En sevmediği gün pazar günü olan kadın sırf tatil günü diye. Zaten pazar günü elbise dikerken hayata gözlerini yummuştur. tasarımcılığa şapka tasarlayarak başlamış daima sadeliğin öncüsü olmuştur döneminin ünlüleri coco sayesinde daha modern bir görüntüye kavuşmuştur. ayrıca bu kadın Kendi ayakları üzerinde durmanın it gibi çalışmakla doğru orantılı olduğunu herkese ispatlamıştır.
bu kadar sohret ve param olacagina bir kocam olmasini isterdim diyerek aslinda icinde bulundugu kadin erkek esitlikci tavrindan saptigini gostermistir. bendeki feminist imaji yerle bir olmustur.
idoldür,candır,kokoştur kendisi.Chanel gibi dev bir markayı dünyaya kazandırdığı için beyin lopları kıvrımları örnek alınası insan.Adına hitaf edilen kitabı aramaktayım ancak yok efenim yok!

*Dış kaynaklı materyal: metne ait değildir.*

(* Let $G=(V,E,\gamma,c)$ be a typed DAG task executed on a platform with $M_s\ge1$ cores of each type $s\in S$ under any work-conserving scheduling algorithm, and let $R(G)$ be its worst-case response time. Let $\hat G$ be the scaled graph of $G$. Then \[ R(G)\le len(\hat G)+\sum_{s\in S}\frac{vol_s(G)}{M_s}. \]
   Context: A typed DAG task is $G=(V,E,\gamma,c)$ where $(V,E)$ is a finite directed acyclic graph with a unique source vertex $v_{src}$ and a unique sink vertex $v_{snk}$, $S$ is a finite set of core types, $\gamma:V\to S$ gives the type of each vertex, and $c:V\to\mathbb{R}_{\ge0}$ gives the worst-case execution time (WCET) of each vertex. The platform has, for each $s\in S$, $M_s\ge 1$ cores of type $s$. $vol_s(G)=\sum_{u\in V,\gamma(u)=s}c(u)$. For a path $\pi$, $len(\pi)=\sum_{u\in\pi}c(u)$, and $len(G)$ is the maximum of $len(\pi)$ over paths of $G$. The scaled graph $\hat G=(V,E,\gamma,\hat c)$ has the same vertices, edges and types as $G$, with weights $\hat c(v)=c(v)\,(1-1/M_{\gamma(v)})$; $len(\hat G)$ is the longest path length of $\hat G$ with respect to $\hat c$. Runtime model: a vertex becomes eligible when all its predecessors have finished (the source is eligible at time $0$); a vertex $v$ may only execute on cores of type $\gamma(v)$, one core at a time, for a total execution time of at most $c(v)$ (possibly less). Scheduling is work-conserving: an eligible unfinished vertex of type $s$ must be executing whenever some core of type $s$ is available. The response time of an execution sequence is the finish time of $v_{snk}$; the worst-case response time $R(G)$ is the maximum (supremum) of response times over all possible execution sequences. *)

theory Defs
  imports "HOL-Analysis.Analysis"
begin

definition typed_dag :: "'v set \<Rightarrow> ('v \<times> 'v) set \<Rightarrow> 'v \<Rightarrow> 'v \<Rightarrow> bool" where
  "typed_dag V E src snk \<longleftrightarrow>
     finite V \<and> E \<subseteq> V \<times> V \<and> acyclic E \<and>
     src \<in> V \<and> snk \<in> V \<and>
     (\<forall>v\<in>V. (\<forall>u. (u, v) \<notin> E) \<longleftrightarrow> v = src) \<and>
     (\<forall>v\<in>V. (\<forall>w. (v, w) \<notin> E) \<longleftrightarrow> v = snk)"

definition is_path :: "'v set \<Rightarrow> ('v \<times> 'v) set \<Rightarrow> 'v list \<Rightarrow> bool" where
  "is_path V E p \<longleftrightarrow> p \<noteq> [] \<and> set p \<subseteq> V \<and>
     (\<forall>i. Suc i < length p \<longrightarrow> (p ! i, p ! Suc i) \<in> E)"

definition path_len :: "('v \<Rightarrow> real) \<Rightarrow> 'v list \<Rightarrow> real" where
  "path_len w p = (\<Sum>u\<leftarrow>p. w u)"

definition graph_len :: "'v set \<Rightarrow> ('v \<times> 'v) set \<Rightarrow> ('v \<Rightarrow> real) \<Rightarrow> real" where
  "graph_len V E w = Sup (path_len w ` {p. is_path V E p})"

definition vol :: "'v set \<Rightarrow> ('v \<Rightarrow> 's) \<Rightarrow> ('v \<Rightarrow> real) \<Rightarrow> 's \<Rightarrow> real" where
  "vol V \<gamma> c s = (\<Sum>v\<in>{u\<in>V. \<gamma> u = s}. c v)"

definition scaled_wcet :: "('v \<Rightarrow> 's) \<Rightarrow> ('v \<Rightarrow> real) \<Rightarrow> ('s \<Rightarrow> nat) \<Rightarrow> 'v \<Rightarrow> real" where
  "scaled_wcet \<gamma> c M v = c v * (1 - 1 / real (M (\<gamma> v)))"

(* Execution sequence: exec t v  <-> vertex v is executing (on some core of its type) at time t;
   fin v = finish time of v. *)
definition eligible :: "('v \<times> 'v) set \<Rightarrow> ('v \<Rightarrow> real) \<Rightarrow> real \<Rightarrow> 'v \<Rightarrow> bool" where
  "eligible E fin t v \<longleftrightarrow> (\<forall>u. (u, v) \<in> E \<longrightarrow> fin u \<le> t)"

definition valid_execution ::
  "'v set \<Rightarrow> ('v \<times> 'v) set \<Rightarrow> ('v \<Rightarrow> 's) \<Rightarrow> ('v \<Rightarrow> real) \<Rightarrow> ('s \<Rightarrow> nat)
   \<Rightarrow> (real \<Rightarrow> 'v \<Rightarrow> bool) \<Rightarrow> ('v \<Rightarrow> real) \<Rightarrow> bool" where
  "valid_execution V E \<gamma> c M exec fin \<longleftrightarrow>
     \<comment> \<open>finishing respects precedence and times are nonnegative\<close>
     (\<forall>v\<in>V. 0 \<le> fin v \<and> eligible E fin (fin v) v) \<and>
     \<comment> \<open>a vertex executes only while eligible and unfinished, at times \<ge> 0\<close>
     (\<forall>t v. exec t v \<longrightarrow> v \<in> V \<and> 0 \<le> t \<and> eligible E fin t v \<and> t < fin v) \<and>
     \<comment> \<open>total execution time of v is (measurable and) at most c v\<close>
     (\<forall>v\<in>V. {t. exec t v} \<in> sets lborel \<and> emeasure lborel {t. exec t v} \<le> ennreal (c v)) \<and>
     \<comment> \<open>at most M s vertices of type s execute simultaneously (one core each)\<close>
     (\<forall>t s. card {v\<in>V. \<gamma> v = s \<and> exec t v} \<le> M s) \<and>
     \<comment> \<open>work conservation\<close>
     (\<forall>t v. v \<in> V \<and> 0 \<le> t \<and> eligible E fin t v \<and> t < fin v \<and>
            card {u\<in>V. \<gamma> u = \<gamma> v \<and> exec t u} < M (\<gamma> v) \<longrightarrow> exec t v)"

definition wcrt ::
  "'v set \<Rightarrow> ('v \<times> 'v) set \<Rightarrow> ('v \<Rightarrow> 's) \<Rightarrow> ('v \<Rightarrow> real) \<Rightarrow> ('s \<Rightarrow> nat) \<Rightarrow> 'v \<Rightarrow> ereal" where
  "wcrt V E \<gamma> c M snk =
     (SUP ef \<in> {(exec, fin). valid_execution V E \<gamma> c M exec fin}. ereal (snd ef snk))"

end

theory Submission
  imports Defs
begin

(* Follow the unfinished predecessor that finishes last, backwards from the sink: this gives a
   path p ending in the sink such that at every time before the sink finishes some vertex u of p
   is eligible and unfinished.  At such a time either u executes, or all M s cores of type
   s = \<gamma> u are busy, so 1 \<le> (1 - 1/M s) [u executes] + (busy cores of type s)/M s.
   Integrating over [0, fin snk) bounds the first term by the scaled length of p and the second,
   summed over s, by vol s / M s. *)

lemma is_path_trancl:
  assumes "is_path V E p" "i < j" "j < length p"
  shows "(p ! i, p ! j) \<in> E\<^sup>+"
  using assms(2,3)
proof (induction j)
  case (Suc j)
  have edge: "(p ! j, p ! Suc j) \<in> E"
    using assms(1) Suc.prems unfolding is_path_def by blast
  show ?case
  proof (cases "i = j")
    case False
    then have "(p ! i, p ! j) \<in> E\<^sup>+" using Suc by auto
    then show ?thesis using edge by (rule trancl_into_trancl)
  qed (use edge in auto)
qed simp

lemma is_path_distinct:
  assumes "is_path V E p" "acyclic E"
  shows "distinct p"
proof -
  have "p ! i \<noteq> p ! j" if "i < j" "j < length p" for i j
    using is_path_trancl[OF assms(1) that] assms(2) unfolding acyclic_def by auto
  then show ?thesis unfolding distinct_conv_nth by (metis linorder_neqE_nat)
qed

lemma path_len_eq_sum_set:
  assumes "is_path V E p" "acyclic E"
  shows "path_len w p = (\<Sum>v\<in>set p. w v)"
  unfolding path_len_def using is_path_distinct[OF assms]
  by (simp add: sum_list_distinct_conv_sum_set)

lemma path_len_le_graph_len:
  assumes "is_path V E p" "acyclic E" "finite V" "\<forall>v\<in>V. 0 \<le> w v"
  shows "path_len w p \<le> graph_len V E w"
  unfolding graph_len_def
proof (rule cSup_upper)
  have "path_len w q \<le> (\<Sum>v\<in>V. w v)" if "is_path V E q" for q
  proof -
    have "path_len w q = (\<Sum>v\<in>set q. w v)"
      using path_len_eq_sum_set[OF that assms(2)] .
    also have "\<dots> \<le> (\<Sum>v\<in>V. w v)"
      using that assms(3,4) unfolding is_path_def by (intro sum_mono2) auto
    finally show ?thesis .
  qed
  then show "bdd_above (path_len w ` {q. is_path V E q})"
    unfolding bdd_above_def by blast
qed (use assms(1) in blast)

lemma is_path_snoc:
  assumes "is_path V E p" "(last p, v) \<in> E" "v \<in> V"
  shows "is_path V E (p @ [v])"
  unfolding is_path_def
proof (intro conjI allI impI)
  show "set (p @ [v]) \<subseteq> V" using assms(1,3) unfolding is_path_def by auto
next
  fix i assume i: "Suc i < length (p @ [v])"
  have "p \<noteq> []" using assms(1) unfolding is_path_def by simp
  show "((p @ [v]) ! i, (p @ [v]) ! Suc i) \<in> E"
  proof (cases "Suc i < length p")
    case True
    then show ?thesis using assms(1) unfolding is_path_def by (simp add: nth_append)
  next
    case False
    with i have "Suc i = length p" by simp
    with \<open>p \<noteq> []\<close> have "p ! i = last p" by (metis diff_Suc_1 last_conv_nth)
    then show ?thesis using \<open>Suc i = length p\<close> assms(2) by (simp add: nth_append)
  qed
qed simp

filmler vardır bazı yerlerinde öyle utanırsın, öyle sıkılırsın ki çocukken yaptığın gibi koltuğun da duramazsın, baş kahramanın gireceği utanç verici durumları önceden hisseder filmi durdurur, düşünür ya da yüzünü kapatır, kızarırsın. "bu dünyada ne çok acı var" dersin. işte öyle bir film olmuş coco chanel'in filmi. makus bir kadere sahip çokçalarından farkı, dik duruşudur zira insanları ayıran da bu duruş, bu tavissizliktir. filmi "kapitalizm, bütün hünerlerini paraya çevireceğin kapılar sunar" mottosuyla değil de, "insan karakterinden türlü şartlar altında ödün vermemeli, hür ve dik durmalı" şiarı ışığında okursanız daha faydalı olur kanımca. fıransanın natalie portman'ı dır audrey tautouda, yöresel bir lezzetten öteye geçemez.